This sounds boring, but if you can do it, you will have less burden on your mind. You can sleep better at night because you removed the worry of the unexpected. Removing burden from our clients’ shoulders is one of the core motivators behind what we do at Streamline. Having your Power of Attorney set for medical and property, and the rights wills and trusts set up for your financial situation, allows you to know that if something unexpected happens, your financial life will still continue to run appropriately.

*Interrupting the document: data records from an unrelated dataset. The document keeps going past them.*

lemma output_convolution:
  fixes A :: "real^'N^'N" and Bv :: "real^'l^'N" and Bu :: "real^'n^'N" and C :: "real^'N^'m"
  assumes t: "0 \<le> t"
    and x: "\<And>r. r \<in> {0..t} \<Longrightarrow> ((\<lambda>s. A *v x s + Bv *v v s + Bu *v u s) has_integral x r) {0..r}"
    and v: "\<And>q. (\<lambda>s. v s $ q) absolutely_integrable_on {0..t}"
    and u: "\<And>q. (\<lambda>s. u s $ q) absolutely_integrable_on {0..t}"
  shows "(C *v x t) $ i
       = (\<Sum>q\<in>UNIV. integral {0..t} (\<lambda>s. impulse C A Bv (t - s) $ i $ q * v s $ q))
         + (\<Sum>q\<in>UNIV. integral {0..t} (\<lambda>s. impulse C A Bu (t - s) $ i $ q * u s $ q))"
proof -
  define w where "w s = Bv *v v s + Bu *v u s" for s
  let ?E = "\<lambda>s. mexp ((t - s) *\<^sub>R A)"
  have w_nth: "(\<lambda>s. w s $ j) absolutely_integrable_on {0..t}" for j
    unfolding w_def vector_add_component
    by (intro set_integral_add(1) absolutely_integrable_matrix_vector_nth v u)
  have "(\<lambda>s. A *v x s + w s) = (\<lambda>s. A *v x s + Bv *v v s + Bu *v u s)"
    by (simp add: w_def add.assoc)
  then have x_nth: "x t $ k = (\<Sum>j\<in>UNIV. integral {0..t} (\<lambda>s. ?E s $ k $ j * w s $ j))" for k
    by (intro variation_of_constants[OF t _ w_nth]) (simp add: x)
  have "continuous_on {0..t} (\<lambda>s. ?E s $ k $ j)" for k j
    by (intro continuous_on_mexp_nth continuous_intros)
  then have integrable: "(\<lambda>s. C $ i $ k * ?E s $ k $ j * w s $ j) integrable_on {0..t}" for k j
    by (intro integrable_continuous_mult[OF _ w_nth] continuous_on_mult[OF continuous_on_const])
  have Hc: "continuous_on {0..t} (\<lambda>s. impulse C A B (t - s) $ i $ q)" for B :: "real^'k^'N" and q
    by (intro continuous_on_impulse_nth continuous_intros)
  have Iv: "(\<lambda>s. impulse C A Bv (t - s) $ i $ q * v s $ q) integrable_on {0..t}" for q
    by (rule integrable_continuous_mult[OF Hc v])
  have Iu: "(\<lambda>s. impulse C A Bu (t - s) $ i $ q * u s $ q) integrable_on {0..t}" for q
    by (rule integrable_continuous_mult[OF Hc u])
  have pointwise: "(\<Sum>k\<in>UNIV. \<Sum>j\<in>UNIV. C $ i $ k * ?E s $ k $ j * w s $ j)
      = (\<Sum>q\<in>UNIV. impulse C A Bv (t - s) $ i $ q * v s $ q)
        + (\<Sum>q\<in>UNIV. impulse C A Bu (t - s) $ i $ q * u s $ q)" for s
    unfolding w_def by (rule sum_sum_mexp_input_nth)
  have "(C *v x t) $ i = (\<Sum>k\<in>UNIV. \<Sum>j\<in>UNIV. integral {0..t} (\<lambda>s. C $ i $ k * ?E s $ k $ j * w s $ j))"
    by (simp add: matrix_vector_mult_def x_nth sum_distrib_left mult.assoc)
  also have "\<dots> = (\<Sum>k\<in>UNIV. integral {0..t} (\<lambda>s. \<Sum>j\<in>UNIV. C $ i $ k * ?E s $ k $ j * w s $ j))"
    by (intro sum.cong refl integral_sum[symmetric]) (auto intro: integrable)
  also have "\<dots> = integral {0..t} (\<lambda>s. \<Sum>k\<in>UNIV. \<Sum>j\<in>UNIV. C $ i $ k * ?E s $ k $ j * w s $ j)"
    by (intro integral_sum[symmetric] integrable_sum) (auto intro: integrable)
  also have "\<dots> = integral {0..t} (\<lambda>s. (\<Sum>q\<in>UNIV. impulse C A Bv (t - s) $ i $ q * v s $ q)
                                      + (\<Sum>q\<in>UNIV. impulse C A Bu (t - s) $ i $ q * u s $ q))"
    by (simp only: pointwise)
  also have "\<dots> = integral {0..t} (\<lambda>s. \<Sum>q\<in>UNIV. impulse C A Bv (t - s) $ i $ q * v s $ q)
                 + integral {0..t} (\<lambda>s. \<Sum>q\<in>UNIV. impulse C A Bu (t - s) $ i $ q * u s $ q)"
    by (intro integral_add integrable_sum) (auto intro: Iv Iu)
  also have "\<dots> = (\<Sum>q\<in>UNIV. integral {0..t} (\<lambda>s. impulse C A Bv (t - s) $ i $ q * v s $ q))
                 + (\<Sum>q\<in>UNIV. integral {0..t} (\<lambda>s. impulse C A Bu (t - s) $ i $ q * u s $ q))"
    by (simp add: integral_sum Iv Iu)
  finally show ?thesis .
qed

You might be thinking that when you die you don’t really care what happens next. But what if you’re still alive but unable to act on your own behalf? Within the last year I have seen three clients decline mentally to the point where they are not able to manage their own affairs. Having the trusts and POAs set up make it easier on their family. So, consider talking to an attorney and seeing what makes the most sense for you.

Make Health a Priority

Did you know that the Freshman 15 isn’t just about students who gain 15 pounds in their first year of college? When you retire, you might have less structured meal times. You might be less physically active than when you were up and moving around for work. And you might have more time for social things, which is good, except that social events are usually centered around eating and drinking.

The journals of gerontology (the study of aging) also show that many retirees consume food in response to losing personal identity. This is a very common thing that can happen. Have a plan to stay active, pick up a new athletic activity, or just be aware of what you’re eating. It sounds simple but retirement is a major life change. It’s actually the best time to create some new habits. So, why not create habits around staying healthy so that you have more of a chance of being free from disease and ailments in the future.

One thing my dad did when he retired was get a fitness tracker that he wears on his wrist. It’s kind of gamifying the exercise experience for him and he’s been enjoying it a lot.

Be Generous with Your Time, Money, and Skills

In retirement, you now have the most time you’ve ever had. You have the most money you’ve ever had. And you have the most wisdom you ever had. Now this may not be true for everyone, but it is for most people in retirement. And if it is true for you, then you’re a pretty valuable person and you can be generous with your time, money, and skills. One of the best ways I’ve seen retirees find fulfillment and purpose in life after work is to discover or rediscover their unique strengths, and then use those strengths to help other people.

The reason this is so important is because if you can practice generosity, you have the power to change someone’s life. You’ve seen the studies, I’m sure, about when you give, you’re actually happier and I believe it’s true. It’s an easy equation of give = happy to test out and see if it’s true for you too.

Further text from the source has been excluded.